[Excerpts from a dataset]
━━━━━━━━━━━━━━━━
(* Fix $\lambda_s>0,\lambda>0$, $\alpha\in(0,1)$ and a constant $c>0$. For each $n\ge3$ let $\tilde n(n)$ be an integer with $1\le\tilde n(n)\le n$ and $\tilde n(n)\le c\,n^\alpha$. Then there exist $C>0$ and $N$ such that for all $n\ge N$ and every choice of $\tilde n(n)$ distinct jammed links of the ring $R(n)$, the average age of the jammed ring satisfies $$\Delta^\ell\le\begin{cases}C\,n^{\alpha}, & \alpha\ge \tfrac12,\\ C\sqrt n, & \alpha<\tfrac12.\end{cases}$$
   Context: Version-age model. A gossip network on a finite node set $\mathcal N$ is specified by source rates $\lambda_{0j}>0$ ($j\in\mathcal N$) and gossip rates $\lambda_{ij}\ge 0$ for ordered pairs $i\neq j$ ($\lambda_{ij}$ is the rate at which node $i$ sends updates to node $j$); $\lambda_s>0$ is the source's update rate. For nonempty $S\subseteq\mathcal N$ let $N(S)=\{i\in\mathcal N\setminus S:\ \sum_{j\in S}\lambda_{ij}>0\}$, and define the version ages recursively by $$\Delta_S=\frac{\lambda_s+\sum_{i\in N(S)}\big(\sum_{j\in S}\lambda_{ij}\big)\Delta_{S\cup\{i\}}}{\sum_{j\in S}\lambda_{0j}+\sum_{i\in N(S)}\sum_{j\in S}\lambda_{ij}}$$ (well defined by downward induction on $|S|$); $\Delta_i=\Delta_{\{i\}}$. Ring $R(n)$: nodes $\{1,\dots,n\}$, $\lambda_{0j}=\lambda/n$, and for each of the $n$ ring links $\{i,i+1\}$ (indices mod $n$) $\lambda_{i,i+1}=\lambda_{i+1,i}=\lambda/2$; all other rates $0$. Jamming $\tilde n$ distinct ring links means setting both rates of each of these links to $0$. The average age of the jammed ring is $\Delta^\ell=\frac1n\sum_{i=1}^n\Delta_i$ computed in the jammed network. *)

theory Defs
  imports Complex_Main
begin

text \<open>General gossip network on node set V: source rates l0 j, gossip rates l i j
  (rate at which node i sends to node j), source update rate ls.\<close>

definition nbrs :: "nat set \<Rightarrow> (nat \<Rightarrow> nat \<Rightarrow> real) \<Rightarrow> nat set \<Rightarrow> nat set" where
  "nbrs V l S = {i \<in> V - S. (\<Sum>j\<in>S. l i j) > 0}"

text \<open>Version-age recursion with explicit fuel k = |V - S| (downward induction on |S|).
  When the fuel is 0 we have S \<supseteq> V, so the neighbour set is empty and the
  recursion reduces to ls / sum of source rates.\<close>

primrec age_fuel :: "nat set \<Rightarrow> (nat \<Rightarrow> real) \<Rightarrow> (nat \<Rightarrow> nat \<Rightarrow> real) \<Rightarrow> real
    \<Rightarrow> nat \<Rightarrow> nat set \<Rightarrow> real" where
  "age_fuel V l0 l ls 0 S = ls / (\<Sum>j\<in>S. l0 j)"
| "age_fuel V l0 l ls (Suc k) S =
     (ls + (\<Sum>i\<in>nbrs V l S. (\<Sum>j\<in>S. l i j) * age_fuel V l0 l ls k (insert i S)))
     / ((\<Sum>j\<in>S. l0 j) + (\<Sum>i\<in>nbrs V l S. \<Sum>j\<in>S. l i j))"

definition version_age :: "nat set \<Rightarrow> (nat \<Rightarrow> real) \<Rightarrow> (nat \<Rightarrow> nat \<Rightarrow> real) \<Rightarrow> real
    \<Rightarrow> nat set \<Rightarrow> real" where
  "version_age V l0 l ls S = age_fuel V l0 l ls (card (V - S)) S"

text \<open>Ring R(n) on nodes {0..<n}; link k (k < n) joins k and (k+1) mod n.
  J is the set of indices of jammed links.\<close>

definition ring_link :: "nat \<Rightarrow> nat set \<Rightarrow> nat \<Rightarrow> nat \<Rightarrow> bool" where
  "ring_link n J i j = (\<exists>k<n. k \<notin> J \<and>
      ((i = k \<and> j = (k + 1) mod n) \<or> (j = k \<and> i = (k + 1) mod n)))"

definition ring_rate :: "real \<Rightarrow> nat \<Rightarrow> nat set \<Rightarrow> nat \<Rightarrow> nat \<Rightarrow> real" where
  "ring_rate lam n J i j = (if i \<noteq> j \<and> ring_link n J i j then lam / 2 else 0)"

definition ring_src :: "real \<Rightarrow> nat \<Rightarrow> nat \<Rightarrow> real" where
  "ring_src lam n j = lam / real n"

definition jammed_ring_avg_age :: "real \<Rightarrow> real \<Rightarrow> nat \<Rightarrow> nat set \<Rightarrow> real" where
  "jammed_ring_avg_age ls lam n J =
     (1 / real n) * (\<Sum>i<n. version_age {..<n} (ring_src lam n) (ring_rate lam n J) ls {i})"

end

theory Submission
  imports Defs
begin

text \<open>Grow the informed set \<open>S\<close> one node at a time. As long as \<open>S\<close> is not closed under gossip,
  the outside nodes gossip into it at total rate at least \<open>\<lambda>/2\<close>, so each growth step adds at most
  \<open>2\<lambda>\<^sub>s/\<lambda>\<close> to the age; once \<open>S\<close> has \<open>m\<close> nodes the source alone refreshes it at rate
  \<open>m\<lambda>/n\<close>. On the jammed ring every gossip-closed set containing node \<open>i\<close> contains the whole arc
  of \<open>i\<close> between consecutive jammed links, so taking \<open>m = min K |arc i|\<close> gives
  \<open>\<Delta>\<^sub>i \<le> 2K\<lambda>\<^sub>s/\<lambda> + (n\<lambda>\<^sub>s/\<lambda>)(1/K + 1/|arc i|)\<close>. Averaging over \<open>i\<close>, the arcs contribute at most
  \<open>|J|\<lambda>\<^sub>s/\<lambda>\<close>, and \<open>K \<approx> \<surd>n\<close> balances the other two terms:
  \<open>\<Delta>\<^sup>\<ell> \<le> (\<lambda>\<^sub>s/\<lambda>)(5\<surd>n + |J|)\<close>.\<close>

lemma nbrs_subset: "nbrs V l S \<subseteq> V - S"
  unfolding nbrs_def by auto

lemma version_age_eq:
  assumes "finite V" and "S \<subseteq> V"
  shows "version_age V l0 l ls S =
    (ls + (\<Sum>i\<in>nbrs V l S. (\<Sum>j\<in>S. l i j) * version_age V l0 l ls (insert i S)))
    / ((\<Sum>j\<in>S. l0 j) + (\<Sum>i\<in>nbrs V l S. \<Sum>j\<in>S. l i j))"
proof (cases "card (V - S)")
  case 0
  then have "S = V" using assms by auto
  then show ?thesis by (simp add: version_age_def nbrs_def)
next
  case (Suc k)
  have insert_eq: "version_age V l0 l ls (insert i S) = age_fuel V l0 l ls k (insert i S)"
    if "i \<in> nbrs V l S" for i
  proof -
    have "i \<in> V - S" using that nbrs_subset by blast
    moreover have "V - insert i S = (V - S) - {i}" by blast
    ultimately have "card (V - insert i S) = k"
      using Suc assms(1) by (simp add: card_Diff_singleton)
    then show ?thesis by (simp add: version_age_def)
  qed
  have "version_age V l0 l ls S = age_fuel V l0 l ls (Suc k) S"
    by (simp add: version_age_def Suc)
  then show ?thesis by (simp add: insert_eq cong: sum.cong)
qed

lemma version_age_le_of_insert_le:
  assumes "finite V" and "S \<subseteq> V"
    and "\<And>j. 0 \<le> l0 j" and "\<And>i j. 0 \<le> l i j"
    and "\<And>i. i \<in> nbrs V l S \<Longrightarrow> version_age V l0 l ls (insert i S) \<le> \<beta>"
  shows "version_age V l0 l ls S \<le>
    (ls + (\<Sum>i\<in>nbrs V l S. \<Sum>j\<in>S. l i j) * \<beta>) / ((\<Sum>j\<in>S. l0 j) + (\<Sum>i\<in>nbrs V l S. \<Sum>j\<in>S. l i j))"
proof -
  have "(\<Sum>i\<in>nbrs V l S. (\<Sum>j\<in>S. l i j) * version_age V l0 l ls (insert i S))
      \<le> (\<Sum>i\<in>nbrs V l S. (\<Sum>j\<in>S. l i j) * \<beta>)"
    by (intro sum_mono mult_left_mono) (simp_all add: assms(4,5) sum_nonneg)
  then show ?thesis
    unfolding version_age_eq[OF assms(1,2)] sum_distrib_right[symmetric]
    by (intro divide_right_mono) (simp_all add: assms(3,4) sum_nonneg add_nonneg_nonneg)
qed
━━━━━━━━━━━━━━━━
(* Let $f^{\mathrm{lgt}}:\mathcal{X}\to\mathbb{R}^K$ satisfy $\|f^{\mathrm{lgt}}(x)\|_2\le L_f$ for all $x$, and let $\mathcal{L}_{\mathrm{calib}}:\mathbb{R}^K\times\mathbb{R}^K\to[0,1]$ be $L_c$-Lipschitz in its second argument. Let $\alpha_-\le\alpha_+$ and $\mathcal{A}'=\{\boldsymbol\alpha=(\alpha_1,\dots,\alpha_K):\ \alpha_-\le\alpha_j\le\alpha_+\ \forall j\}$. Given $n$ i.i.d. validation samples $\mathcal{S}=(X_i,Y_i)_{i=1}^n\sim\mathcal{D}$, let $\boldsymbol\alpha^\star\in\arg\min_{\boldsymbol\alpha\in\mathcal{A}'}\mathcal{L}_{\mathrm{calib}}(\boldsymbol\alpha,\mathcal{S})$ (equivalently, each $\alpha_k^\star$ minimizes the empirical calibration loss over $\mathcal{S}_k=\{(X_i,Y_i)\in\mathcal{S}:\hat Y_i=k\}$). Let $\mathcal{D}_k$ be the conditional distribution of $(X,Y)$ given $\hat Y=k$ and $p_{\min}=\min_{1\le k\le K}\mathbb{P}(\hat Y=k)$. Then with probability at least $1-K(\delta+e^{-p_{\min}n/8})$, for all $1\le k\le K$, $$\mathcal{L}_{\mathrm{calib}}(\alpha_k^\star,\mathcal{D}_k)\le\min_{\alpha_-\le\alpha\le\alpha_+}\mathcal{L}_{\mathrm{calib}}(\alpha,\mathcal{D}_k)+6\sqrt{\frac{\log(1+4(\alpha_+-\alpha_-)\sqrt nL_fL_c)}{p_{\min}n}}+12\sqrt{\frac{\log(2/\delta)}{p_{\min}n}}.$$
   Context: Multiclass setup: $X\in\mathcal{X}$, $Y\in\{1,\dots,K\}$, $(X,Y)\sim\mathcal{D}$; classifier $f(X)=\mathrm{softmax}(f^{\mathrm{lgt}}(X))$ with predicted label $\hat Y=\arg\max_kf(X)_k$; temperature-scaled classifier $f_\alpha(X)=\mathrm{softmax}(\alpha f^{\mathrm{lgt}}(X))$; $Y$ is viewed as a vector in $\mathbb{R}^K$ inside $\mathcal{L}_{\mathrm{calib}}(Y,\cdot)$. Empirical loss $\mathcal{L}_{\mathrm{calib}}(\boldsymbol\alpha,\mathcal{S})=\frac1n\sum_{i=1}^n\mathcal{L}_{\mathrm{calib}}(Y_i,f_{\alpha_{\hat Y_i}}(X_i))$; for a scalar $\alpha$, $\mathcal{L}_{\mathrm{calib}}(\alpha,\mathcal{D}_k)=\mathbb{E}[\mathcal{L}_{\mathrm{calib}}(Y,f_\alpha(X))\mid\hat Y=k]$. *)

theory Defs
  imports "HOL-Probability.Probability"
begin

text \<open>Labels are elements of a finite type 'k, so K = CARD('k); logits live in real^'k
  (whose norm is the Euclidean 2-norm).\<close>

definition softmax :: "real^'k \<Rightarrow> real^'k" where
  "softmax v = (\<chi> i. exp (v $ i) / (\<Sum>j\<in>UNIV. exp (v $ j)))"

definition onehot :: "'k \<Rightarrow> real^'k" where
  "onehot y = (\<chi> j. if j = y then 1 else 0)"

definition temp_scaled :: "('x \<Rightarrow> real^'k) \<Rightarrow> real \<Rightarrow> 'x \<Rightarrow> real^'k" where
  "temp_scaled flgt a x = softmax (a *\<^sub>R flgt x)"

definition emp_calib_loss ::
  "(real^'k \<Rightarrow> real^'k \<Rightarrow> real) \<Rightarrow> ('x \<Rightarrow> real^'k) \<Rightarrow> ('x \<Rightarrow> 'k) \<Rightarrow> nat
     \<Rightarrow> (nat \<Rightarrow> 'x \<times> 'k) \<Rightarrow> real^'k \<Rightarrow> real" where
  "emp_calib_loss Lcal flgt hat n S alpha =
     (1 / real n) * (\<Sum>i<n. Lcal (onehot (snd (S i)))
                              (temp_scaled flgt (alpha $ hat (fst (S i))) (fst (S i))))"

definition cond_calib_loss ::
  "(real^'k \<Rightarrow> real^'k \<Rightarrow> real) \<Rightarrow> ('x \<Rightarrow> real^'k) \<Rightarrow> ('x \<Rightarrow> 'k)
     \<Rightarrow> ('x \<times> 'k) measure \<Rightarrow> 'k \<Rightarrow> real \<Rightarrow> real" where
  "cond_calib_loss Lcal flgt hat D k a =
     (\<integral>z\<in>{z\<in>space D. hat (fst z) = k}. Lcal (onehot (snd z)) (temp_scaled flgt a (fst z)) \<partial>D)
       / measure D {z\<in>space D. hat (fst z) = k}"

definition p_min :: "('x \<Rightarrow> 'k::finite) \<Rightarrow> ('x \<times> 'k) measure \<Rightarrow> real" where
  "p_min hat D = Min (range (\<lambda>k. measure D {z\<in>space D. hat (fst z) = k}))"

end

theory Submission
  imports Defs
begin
━━━━━━━━━━━━━━━━
Out of the records, collect only those lines that contain the string "else".

Finished exercise –
  "ring_rate lam n J i j = (if i \<noteq> j \<and> ring_link n J i j then lam / 2 else 0)"
  "onehot y = (\<chi> j. if j = y then 1 else 0)"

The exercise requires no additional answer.